Ed Kashi / VII & Matt Black / Magnum Photos

USA

www.mattblack.com   
www.edkashi.com

Since 2012, California has been suffering through a historically severe drought that has affected over 90% of the Golden State. Residents continue to reel from the consequences as another rainy season has left the snowpack well below average, the reservoirs dangerously low, and the cities, towns and agricultural communities jockeying for whatever water is left. As wells go dry, orchards are uprooted or left to die, livestock is destroyed, and workers remain unemployed and feeling useless. On assignment for The New Yorker, photographers Matt Black and Ed Kashi spent time with farmers and shepherds of the Central Valley, documenting their ongoing struggles and the evident domino effect of severe water shortages.
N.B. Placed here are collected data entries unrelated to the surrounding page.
lemma col_mass_below_agent_own_null:
  "i \<in> {1..n} \<Longrightarrow> col_mass_below (Inl i) (Inr i) = (\<Sum>j\<in>{1..m}. p i j)"
  unfolding col_mass_below_split
  by (subst sum.neutral[where A="{1..n}"]) (auto simp: block_rel_def strictly_def intro!: sum.cong)

lemma row_mass_above_ge_acceptable_plus_null:
  assumes "i \<in> {1..n}" and "c = Inr k \<and> k \<in> {1..n} \<and> k \<noteq> i \<or>
                             c = Inl j \<and> j \<in> {1..m} \<and> \<not> strictly (PA i) (Some j) None"
  shows "row_mass_above (Inl i) c \<ge>
    (\<Sum>l\<in>{1..m}. if strictly (PA i) (Some l) None then p i l else 0) + (1 - (\<Sum>l\<in>{1..m}. p i l))"
proof -
  have "(\<Sum>l\<in>{1..m}. if strictly (PA i) (Some l) None then p i l else 0) \<le>
    (\<Sum>l\<in>{1..m}. if pref_agent' PA PO (Inl i) (Inl l) c \<and> Inl l \<noteq> c then q (Inl i) (Inl l) else 0)"
    using assms p_nonneg by (intro sum_mono) (auto simp: block_rel_def)
  moreover have "(\<Sum>k'\<in>{1..n}. if pref_agent' PA PO (Inl i) (Inr k') c \<and> Inr k' \<noteq> c then q (Inl i) (Inr k') else 0)
     = (\<Sum>k'\<in>{1..n}. if k' = i then 1 - (\<Sum>l\<in>{1..m}. p i l) else 0)"
    using assms by (intro sum.cong) (auto simp: block_rel_def)
  ultimately show ?thesis
    unfolding row_mass_above_split using assms(1) by (simp add: sum.delta add_mono)
qed

lemma row_mass_above_dummy_own_object: "j \<in> {1..m} \<Longrightarrow> row_mass_above (Inr j) (Inl j) = 0"
  unfolding row_mass_above_split by (auto simp: block_rel_def intro!: sum.neutral)

lemma col_mass_below_dummy_own_object:
  "j \<in> {1..m} \<Longrightarrow> col_mass_below (Inr j) (Inl j) =
     (\<Sum>l\<in>{1..n}. if \<not> strictly (PO j) (Some l) None then p l j else 0)"
  unfolding col_mass_below_split
  by (subst sum.neutral[where A="{1..m}"]) (auto simp: block_rel_def strictly_def intro!: sum.cong)

lemma col_mass_below_dummy_object_eq_0:
  assumes "j \<in> {1..m}" "k \<in> {1..m}"
    and "\<forall>l\<in>{1..n}. \<not> strictly (PO k) (Some l) None \<longrightarrow> p l k = 0"
  shows "col_mass_below (Inr j) (Inl k) = 0"
  unfolding col_mass_below_split using assms
  by (subst (1 2) sum.neutral) (auto simp: block_rel_def strictly_def split: if_splits)

lemma row_mass_above_dummy_null:
  "j \<in> {1..m} \<Longrightarrow> i \<in> {1..n} \<Longrightarrow> row_mass_above (Inr j) (Inr i) =
     (1 - (\<Sum>l\<in>{1..n}. p l j)) + (\<Sum>l\<in>{1..n}. if PO j (Some l) (Some i) \<and> l \<noteq> i then p l j else 0)"
  unfolding row_mass_above_split
  by (subst sum.cong[where B="{1..m}" and h="\<lambda>k. if k = j then 1 - (\<Sum>l\<in>{1..n}. p l j) else 0"])
    (auto simp: block_rel_def intro!: sum.cong)

lemma col_mass_below_dummy_null:
  "j \<in> {1..m} \<Longrightarrow> i \<in> {1..n} \<Longrightarrow> col_mass_below (Inr j) (Inr i) =
     (\<Sum>l\<in>{1..m}. if strictly (PA i) (Some j) (Some l) then p i l else 0)"
  unfolding col_mass_below_split
  by (subst sum.neutral[where A="{1..n}"]) (auto simp: block_rel_def strictly_def intro!: sum.cong)

lemma col_mass_below_agent_object_eq_0:
  assumes "i \<in> {1..n}" "j \<in> {1..m}" and unacc: "\<not> strictly (PO j) (Some i) None"
    and IR: "\<forall>l\<in>{1..n}. \<not> strictly (PO j) (Some l) None \<longrightarrow> p l j = 0"
  shows "col_mass_below (Inl i) (Inl j) = 0"
proof -
  have "(\<Sum>l\<in>{1..n}. if strictly (pref_object' PA PO (Inl j)) (Inl i) (Inl l)
          then q (Inl l) (Inl j) else 0) = 0"
    using unacc IR by (intro sum.neutral) (auto simp: strictly_block_rel)
  moreover have "(\<Sum>k\<in>{1..m}. if strictly (pref_object' PA PO (Inl j)) (Inl i) (Inr k)
          then q (Inr k) (Inl j) else 0) = 0"
    using unacc by (intro sum.neutral) (auto simp: strictly_block_rel)
  ultimately show ?thesis unfolding col_mass_below_split by simp
qed
(* Let $\{H(\theta)\}_{\theta\in[0,s]}$ be a differentiable family of self-adjoint operators on a finite-dimensional Hilbert space such that each $H(\theta)$ has a unique ground state and spectral gap $\Delta(\theta)\ge\Delta>0$. Let $\Psi_0(\theta)$ be the differentiable family of normalized ground states satisfying the parallel transport condition $\langle\Psi_0(\theta)|\partial_\theta\Psi_0(\theta)\rangle=0$. Let $U_\Delta(\theta)$ solve $\partial_\theta U_\Delta(\theta)=i\,\mathcal S_\Delta(H(\theta),\partial_\theta H(\theta))\,U_\Delta(\theta)$, $U_\Delta(0)=\mathbb 1$. Then $\Psi_0(\theta)=U_\Delta(\theta)\Psi_0(0)$ for all $\theta\in[0,s]$.
   Context: Filter function: for $\Delta>0$, $W_\Delta:\mathbb R\to\mathbb R$ is a fixed function, continuous except at $t=0$ (where it is right-continuous with $W_\Delta(0)=1/2=\|W_\Delta\|_\infty$), odd away from $t=0$, with $\|W_\Delta\|_1\le K/\Delta$ for a constant $K$, decaying like $\exp(-c_0\Delta|t|/\ln^2(\Delta|t|))$, and whose Fourier transform $\hat W_\Delta(\lambda)=\int_{\mathbb R}W_\Delta(t)e^{i\lambda t}dt$ equals $i/\lambda$ for all $|\lambda|\ge\Delta$. For self-adjoint $H$ and an operator $A$, $\mathcal S_\Delta(H,A)=\int_{\mathbb R}W_\Delta(t)\,e^{itH}Ae^{-itH}\,dt$. *)

theory Defs
  imports "HOL-Analysis.Analysis"
begin

definition cinner :: "complex ^ 'n \<Rightarrow> complex ^ 'n \<Rightarrow> complex" where
  "cinner x y = (\<Sum>i\<in>UNIV. cnj (x $ i) * y $ i)"

definition cnorm :: "complex ^ 'n \<Rightarrow> real" where
  "cnorm x = sqrt (Re (cinner x x))"

definition adjoint_mat :: "complex ^ 'n ^ 'n \<Rightarrow> complex ^ 'n ^ 'n" where
  "adjoint_mat A = (\<chi> i j. cnj (A $ j $ i))"

definition self_adjoint :: "complex ^ 'n ^ 'n \<Rightarrow> bool" where
  "self_adjoint A \<longleftrightarrow> adjoint_mat A = A"

definition cscale_mat :: "complex \<Rightarrow> complex ^ 'n ^ 'n \<Rightarrow> complex ^ 'n ^ 'n" where
  "cscale_mat c A = (\<chi> i j. c * A $ i $ j)"

primrec mat_pow :: "complex ^ 'n ^ 'n \<Rightarrow> nat \<Rightarrow> complex ^ 'n ^ 'n" where
  "mat_pow A 0 = mat 1"
| "mat_pow A (Suc k) = A ** mat_pow A k"

definition mat_exp :: "complex ^ 'n ^ 'n \<Rightarrow> complex ^ 'n ^ 'n" where
  "mat_exp A = (\<Sum>k. (1 / fact k) *\<^sub>R mat_pow A k)"

definition is_eigenvalue :: "complex ^ 'n ^ 'n \<Rightarrow> complex \<Rightarrow> bool" where
  "is_eigenvalue H \<mu> \<longleftrightarrow> (\<exists>v. v \<noteq> 0 \<and> H *v v = \<mu> *s v)"

definition unique_ground_state_gap :: "complex ^ 'n ^ 'n \<Rightarrow> real \<Rightarrow> real \<Rightarrow> bool" where
  "unique_ground_state_gap H E0 \<Delta> \<longleftrightarrow>
     is_eigenvalue H (complex_of_real E0) \<and>
     (\<exists>\<psi>. \<forall>v. H *v v = complex_of_real E0 *s v \<longrightarrow> (\<exists>c. v = c *s \<psi>)) \<and>
     (\<forall>\<mu>. is_eigenvalue H \<mu> \<longrightarrow> \<mu> \<noteq> complex_of_real E0 \<longrightarrow>
          \<mu> \<in> \<real> \<and> E0 + \<Delta> \<le> Re \<mu>)"

definition normalized_ground_state :: "complex ^ 'n ^ 'n \<Rightarrow> complex ^ 'n \<Rightarrow> bool" where
  "normalized_ground_state H \<psi> \<longleftrightarrow> cnorm \<psi> = 1 \<and>
     (\<exists>E0::real. H *v \<psi> = complex_of_real E0 *s \<psi> \<and>
        (\<forall>\<mu>. is_eigenvalue H \<mu> \<longrightarrow> \<mu> \<in> \<real> \<and> E0 \<le> Re \<mu>))"

definition filter_function :: "real \<Rightarrow> real \<Rightarrow> real \<Rightarrow> (real \<Rightarrow> real) \<Rightarrow> bool" where
  "filter_function K c0 \<Delta> W \<longleftrightarrow>
     (\<forall>t. t \<noteq> 0 \<longrightarrow> isCont W t) \<and>
     continuous (at_right 0) W \<and>
     W 0 = 1/2 \<and> (\<forall>t. \<bar>W t\<bar> \<le> 1/2) \<and>
     (\<forall>t. t \<noteq> 0 \<longrightarrow> W (- t) = - W t) \<and>
     integrable lborel W \<and> (\<integral>t. \<bar>W t\<bar> \<partial>lborel) \<le> K / \<Delta> \<and>
     c0 > 0 \<and>
     (\<exists>C. \<forall>t. \<Delta> * \<bar>t\<bar> \<ge> 2 \<longrightarrow>
          \<bar>W t\<bar> \<le> C * exp (- c0 * \<Delta> * \<bar>t\<bar> / (ln (\<Delta> * \<bar>t\<bar>))\<^sup>2)) \<and>
     (\<forall>\<mu>. \<bar>\<mu>\<bar> \<ge> \<Delta> \<longrightarrow>
          (\<integral>t. complex_of_real (W t) * exp (\<i> * complex_of_real (\<mu> * t)) \<partial>lborel)
            = \<i> / complex_of_real \<mu>)"

definition S_filter :: "(real \<Rightarrow> real) \<Rightarrow> complex ^ 'n ^ 'n \<Rightarrow> complex ^ 'n ^ 'n \<Rightarrow> complex ^ 'n ^ 'n" where
  "S_filter W H A = (\<integral>t. W t *\<^sub>R
      (mat_exp (cscale_mat (\<i> * complex_of_real t) H) ** A **
       mat_exp (cscale_mat (- \<i> * complex_of_real t) H)) \<partial>lborel)"

end

theory Submission
  imports Defs
begin

text \<open>Differentiating \<open>H \<Psi>\<^sub>0 = E\<^sub>0 \<Psi>\<^sub>0\<close> gives \<open>(\<partial>H) \<Psi>\<^sub>0 = e \<Psi>\<^sub>0 - (H - E\<^sub>0) \<Psi>\<^sub>0'\<close>.
  Expanding in an eigenbasis of \<open>H\<close>, \<open>\<S>\<^sub>\<Delta>(H, A) \<Psi>\<^sub>0 = \<hat>W(H - E\<^sub>0) A \<Psi>\<^sub>0\<close>; as \<open>W\<close> is odd,
  \<open>\<hat>W(0) = 0\<close>, and on the rest of the spectrum \<open>\<hat>W(\<lambda>) = \<i>/\<lambda>\<close> by the gap, so
  \<open>\<i> \<S>\<^sub>\<Delta>(H, \<partial>H) \<Psi>\<^sub>0\<close> is the part of \<open>\<Psi>\<^sub>0'\<close> orthogonal to \<open>\<Psi>\<^sub>0\<close>, which is all of \<open>\<Psi>\<^sub>0'\<close>
  by parallel transport. Hence \<open>\<Psi>\<^sub>0\<close> and \<open>U\<^sub>\<Delta> \<Psi>\<^sub>0(0)\<close> solve the same linear equation. Its
  generator is skew-adjoint because \<open>\<S>\<^sub>\<Delta>(H, \<partial>H)\<close> is self-adjoint, so the norm of the difference
  of the two solutions is constant, hence zero.\<close>

lemma scaleR_complex_eq_of_real_mult: "r *\<^sub>R (z::complex) = of_real r * z"
  by (simp add: scaleR_conv_of_real)

lemma vector_scaleR_eq_of_real_smult: "r *\<^sub>R (v::complex ^ 'n) = complex_of_real r *s v"
  by (simp add: vec_eq_iff vector_scaleR_component scaleR_complex_eq_of_real_mult)

lemma vector_smult_scaleR_commute: "a *s (r *\<^sub>R (v::complex ^ 'n)) = r *\<^sub>R (a *s v)"
  by (simp add: vec_eq_iff vector_scaleR_component scaleR_complex_eq_of_real_mult mult.left_commute)

lemma vector_smult_assoc: "a *s (b *s (v::complex ^ 'n)) = (a * b) *s v"
  by (simp add: vec_eq_iff mult.assoc)

lemma cscale_mat_mult_vector: "cscale_mat c A *v v = c *s (A *v v)"
  by (simp add: vec_eq_iff matrix_vector_mult_def sum_distrib_left cscale_mat_def algebra_simps)
lemma lp_norm_disjoint_unit_coeffs:
  fixes x :: "nat \<Rightarrow> nat \<Rightarrow> real"
  assumes p: "1 \<le> p" and x: "\<forall>i<n. in_lp p (x i) \<and> lp_norm p (x i) = 1"
    and disj: "\<forall>i<n. \<forall>j<n. i \<noteq> j \<longrightarrow> supp (x i) \<inter> supp (x j) = {}" and m: "m \<ge> 1"
    and a: "\<forall>i<n. \<bar>a i\<bar> \<le> 1"
  shows "lp_norm p (\<lambda>t. \<Sum>i<n. a i * x i t) ^ m \<le>
         (if p = \<infinity> then 1 else real n powr (real m / real_of_ereal p))"
proof (cases "p = \<infinity>")
  case True
  have pt: "\<bar>\<Sum>i<n. a i * x i t\<bar> \<le> 1" for t
  proof -
    have "\<bar>a i * x i t\<bar> \<le> 1" if "i < n" for i
      using abs_le_lp_norm_inf[of "x i" t] x a that True by (auto simp: abs_mult mult_le_one)
    moreover obtain i0 where "\<forall>i<n. i \<noteq> i0 \<longrightarrow> x i t = 0"
      using disjoint_supports_single[OF disj] .
    ultimately show ?thesis using sum_single_support[of n i0 "\<lambda>i. a i * x i t"] by simp
  qed
  have "in_lp p (\<lambda>t. \<Sum>i<n. a i * x i t)" using pt True by (auto simp: in_lp_def bdd_above_def)
  moreover have "lp_norm p (\<lambda>t. \<Sum>i<n. a i * x i t) \<le> 1"
    using pt True by (simp add: lp_norm_def cSUP_least)
  ultimately show ?thesis using True lp_norm_nonneg by (simp add: power_le_one)
next
  case False
  define q where "q = real_of_ereal p"
  have q: "q \<ge> 1" using finite_exponent_ge_1[OF p False] by (simp add: q_def)
  have "(\<Sum>i<n. \<bar>a i\<bar> powr q) \<le> (\<Sum>i<n. 1)"
  proof (intro sum_mono)
    fix i assume "i \<in> {..<n}"
    hence "\<bar>a i\<bar> powr q \<le> 1 powr q" using a q by (intro powr_mono2) auto
    thus "\<bar>a i\<bar> powr q \<le> 1" by simp
  qed
  hence "(\<Sum>i<n. \<bar>a i\<bar> powr q) powr (real m / q) \<le> real n powr (real m / q)"
    using q by (intro powr_mono2) (auto intro: sum_nonneg)
  thus ?thesis using lp_norm_disjoint_pow[OF p False x disj m, of a] False by (simp add: q_def)
qed
lemma matrix_inv_mult:
  assumes "invertible X"
  shows "X ** matrix_inv X = mat 1" "matrix_inv X ** X = mat 1"
proof -
  obtain X' where "X ** X' = mat 1 \<and> X' ** X = mat 1" using assms invertible_def by blast
  then have "X ** matrix_inv X = mat 1 \<and> matrix_inv X ** X = mat 1"
    unfolding matrix_inv_def by (rule someI)
  then show "X ** matrix_inv X = mat 1" "matrix_inv X ** X = mat 1" by auto
qed

lemma simultaneous_congruence_diag:
  fixes X P Q :: "real^'n^'n"
  assumes "invertible X"
    and XP: "transpose X ** P ** X = diag_mat p" and XQ: "transpose X ** Q ** X = diag_mat q"
    and sum_one: "\<And>i. p i + q i = 1"
  shows "transpose X ** (P + Q) ** X = mat 1"
    and "matrix_inv (P + Q) ** (P - Q) = X ** diag_mat (\<lambda>i. p i - q i) ** matrix_inv X"
proof -
  define Y where "Y = matrix_inv X"
  have XY: "X ** Y = mat 1" and YX: "Y ** X = mat 1"
    using matrix_inv_mult[OF assms(1)] unfolding Y_def by auto
  have tYX: "transpose Y ** transpose X = mat 1"
    using XY by (metis matrix_transpose_mul transpose_mat)
  show XHX: "transpose X ** (P + Q) ** X = mat 1"
    unfolding matrix_add_ldistrib matrix_add_rdistrib XP XQ diag_mat_add sum_one
    by (simp add: mat_1_eq_diag_mat)
  have "(P + Q) ** X = transpose Y"
    using arg_cong[OF XHX, of "\<lambda>M. transpose Y ** M"] by (simp add: matrix_mul_assoc tYX)
  then have "(P + Q) ** (X ** transpose X) = mat 1"
    by (simp add: matrix_mul_assoc tYX)
  moreover have "transpose X ** (P + Q) = Y"
    using arg_cong[OF XHX, of "\<lambda>M. M ** Y"] by (simp add: matrix_mul_assoc[symmetric] XY)
  then have "(X ** transpose X) ** (P + Q) = mat 1"
    by (simp add: matrix_mul_assoc[symmetric] XY)
  ultimately have inv: "matrix_inv (P + Q) = X ** transpose X" by (rule matrix_inv_unique)
  have "matrix_inv (P + Q) ** (P - Q) = X ** (transpose X ** (P - Q) ** X) ** Y"
    unfolding inv by (simp add: matrix_mul_assoc[symmetric] XY)
  then show "matrix_inv (P + Q) ** (P - Q) = X ** diag_mat (\<lambda>i. p i - q i) ** Y"
    by (simp add: matrix_diff_ldistrib matrix_diff_rdistrib XP XQ diag_mat_diff)
qed

lemma gsvd_similar_diag:
  fixes A :: "real^'n^'m1" and B :: "real^'n^'m2"
    and U :: "real^'m1^'m1" and V :: "real^'m2^'m2" and X :: "real^'n^'n"
    and SigA :: "real^'n^'m1" and SigB :: "real^'n^'m2" and c s :: "'n \<Rightarrow> real"
  assumes "orthogonal_matrix U" "orthogonal_matrix V" "invertible X"
    and "transpose U ** A ** X = SigA" "transpose V ** B ** X = SigB"
    and "transpose SigA ** SigA = (\<chi> i j. if i = j then (c i)^2 else 0)"
    and "transpose SigB ** SigB = (\<chi> i j. if i = j then (s i)^2 else 0)"
    and cs: "\<And>i. (c i)^2 + (s i)^2 = 1" and c01: "\<And>i. 0 \<le> c i \<and> c i \<le> 1"
  shows "transpose X ** (transpose A ** A + transpose B ** B) ** X = mat 1"
    and "matrix_inv (transpose A ** A + transpose B ** B) ** (transpose A ** A - transpose B ** B)
      = X ** diag_mat (\<lambda>i. cos (theta (c i))) ** matrix_inv X"
proof -
  have XAX: "transpose X ** (transpose A ** A) ** X = diag_mat (\<lambda>i. (c i)^2)"
    and XBX: "transpose X ** (transpose B ** B) ** X = diag_mat (\<lambda>i. (s i)^2)"
    using congruence_of_orthogonal_factor[OF assms(1,4)] congruence_of_orthogonal_factor[OF assms(2,5)]
      assms(6,7) unfolding diag_mat_def by simp_all
  have "(c i)^2 - (s i)^2 = cos (theta (c i))" for i
    using cs[of i] cos_theta[of "c i"] c01[of i] unfolding lmap_def by simp
  then show "transpose X ** (transpose A ** A + transpose B ** B) ** X = mat 1"
    and "matrix_inv (transpose A ** A + transpose B ** B) ** (transpose A ** A - transpose B ** B)
      = X ** diag_mat (\<lambda>i. cos (theta (c i))) ** matrix_inv X"
    using simultaneous_congruence_diag[OF assms(3) XAX XBX cs] by simp_all
qed

lemma trace_PS_mat_psi_mat_diff:
  fixes X Y H :: "real^'n^'n" and c :: "'n \<Rightarrow> real"
  assumes XHX: "transpose X ** H ** X = mat 1" and YX: "Y ** X = mat 1"
    and c01: "\<And>i. 0 \<le> c i \<and> c i \<le> 1" and interval: "0 \<le> cmin" "cmin \<le> cmax" "cmax \<le> 1"
    and gap_pos: "delta_min c cmin cmax > 0"
  shows "\<bar>trace (PS_mat X H c cmin cmax)
          - trace (psi_mat cmin cmax d (X ** diag_mat (\<lambda>i. cos (theta (c i))) ** Y))\<bar>
    \<le> real CARD('n) * pi^6 / (2 * (real d + 2)^3 * (delta_min c cmin cmax)^4)"
proof -
  define err where "err i = (if cmin < c i \<and> c i < cmax then 1 else 0)
      - (\<Sum>j=0..d. rho j d * eta cmin cmax j * cos (real j * theta (c i)))" for i
  have gaps: "delta_min c cmin cmax \<le> \<bar>theta (c i) - theta cmin\<bar>"
    "delta_min c cmin cmax \<le> \<bar>theta (c i) - theta cmax\<bar>" for i
    using delta_min_le_angle_gaps[where c = c, OF c01 interval, of i] by auto
  then have "c i \<noteq> cmin" "c i \<noteq> cmax" for i
    using gap_pos by (metis abs_zero diff_self not_le)+
  then have "(\<Sum>i\<in>UNIV. if cmin < c i \<and> c i < cmax then 1 else if c i = cmin \<or> c i = cmax then 1/2 else 0)
      = (\<Sum>i\<in>UNIV. if cmin < c i \<and> c i < cmax then 1 else (0::real))"
    by (intro sum.cong) auto
  then have "\<bar>trace (PS_mat X H c cmin cmax)
          - trace (psi_mat cmin cmax d (X ** diag_mat (\<lambda>i. cos (theta (c i))) ** Y))\<bar>
      = \<bar>\<Sum>i\<in>UNIV. err i\<bar>"
    unfolding trace_PS_mat[OF XHX] trace_psi_mat_similar_diag[OF YX] err_def
    by (simp add: sum_subtractf)
  also have "\<dots> \<le> (\<Sum>i\<in>(UNIV::'n set). pi^6 / (2 * (real d + 2)^3 * (delta_min c cmin cmax)^4))"
    unfolding err_def
    by (intro order_trans[OF sum_abs] sum_mono jackson_series_pointwise_error)
      (use c01 interval gap_pos gaps in auto)
  finally show ?thesis by simp
qed

theorem theorem3p4:
  fixes A :: "real^'n^'m1" and B :: "real^'n^'m2"
    and U :: "real^'m1^'m1" and V :: "real^'m2^'m2" and X :: "real^'n^'n"
    and SigA :: "real^'n^'m1" and SigB :: "real^'n^'m2"
    and c s :: "'n \<Rightarrow> real" and cmin cmax :: real and d :: nat
  assumes dims: "CARD('m1) + CARD('m2) \<ge> CARD('n)"
    and fullrank: "\<forall>x. A *v x = 0 \<and> B *v x = 0 \<longrightarrow> x = 0"
    and U_orth: "orthogonal_matrix U" and V_orth: "orthogonal_matrix V"
    and X_inv: "invertible X"
    and gsvdA: "transpose U ** A ** X = SigA"
    and gsvdB: "transpose V ** B ** X = SigB"
    and SigA_diag: "transpose SigA ** SigA = (\<chi> i j. if i = j then (c i)^2 else 0)"
    and SigB_diag: "transpose SigB ** SigB = (\<chi> i j. if i = j then (s i)^2 else 0)"
    and cs_nonneg: "\<forall>i. c i \<ge> 0 \<and> s i \<ge> 0"
    and cs_sum: "\<forall>i. (c i)^2 + (s i)^2 = 1"
    and interval: "0 \<le> cmin" "cmin \<le> cmax" "cmax \<le> 1"
    and gap_pos: "delta_min c cmin cmax > 0"
  shows
    "let H = transpose A ** A + transpose B ** B;
         S = matrix_inv H ** (transpose A ** A - transpose B ** B);
         PS = PS_mat X H c cmin cmax;
         P = psi_mat cmin cmax d S
     in \<bar>trace PS - trace P\<bar>
          \<le> real CARD('n) * pi^6 / (2 * (real d + 2)^3 * (delta_min c cmin cmax)^4)"
proof -
  have c01: "0 \<le> c i \<and> c i \<le> 1" for i
  proof -
    have "(c i)^2 \<le> 1" using cs_sum by (metis le_add_same_cancel1 zero_le_power2)
    then show ?thesis using cs_nonneg by (simp add: power_le_one_iff)
  qed
  have XHX: "transpose X ** (transpose A ** A + transpose B ** B) ** X = mat 1"
    and S_diag: "matrix_inv (transpose A ** A + transpose B ** B) ** (transpose A ** A - transpose B ** B)
      = X ** diag_mat (\<lambda>i. cos (theta (c i))) ** matrix_inv X"
    using gsvd_similar_diag[OF U_orth V_orth X_inv gsvdA gsvdB SigA_diag SigB_diag] cs_sum c01 by auto
  show ?thesis
    unfolding Let_def S_diag
    using trace_PS_mat_psi_mat_diff[OF XHX matrix_inv_mult(2)[OF X_inv] c01 interval gap_pos] .
qed

end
As Dana Goodyear writes in the magazine article, for the farmers of the Central Valley, “the country’s fruit basket, salad bowl, and dairy case,” the future seems especially bleak.

Biography

Matt Black is from California’s Central Valley, an agricultural region in the heart of the state.  He has traveled over 100,000 miles across 46 U.S. states for his project The Geography of Poverty.  
He received the W. Eugene Smith Award in 2015.  In 2016, he received the Robert F. Kennedy Journalism Award and was named a Senior Fellow at the Emerson Collective.  In 2018, he again received a Robert F. Kennedy Award for his work in Puerto Rico.  His work has also been honored by the Magnum Foundation Emergency Fund, the Pulitzer Center on Crisis Reporting, the Center for Cultural Innovation, and others. He is a member of Magnum Photos.

Ed Kashi is an acclaimed photojournalist who uses photography, filmmaking and social media to explore geopolitical and social issues that define our times. He is also a dedicated educator and mentor to photographers around the world and lectures frequently on visual storytelling, human rights and the world of media.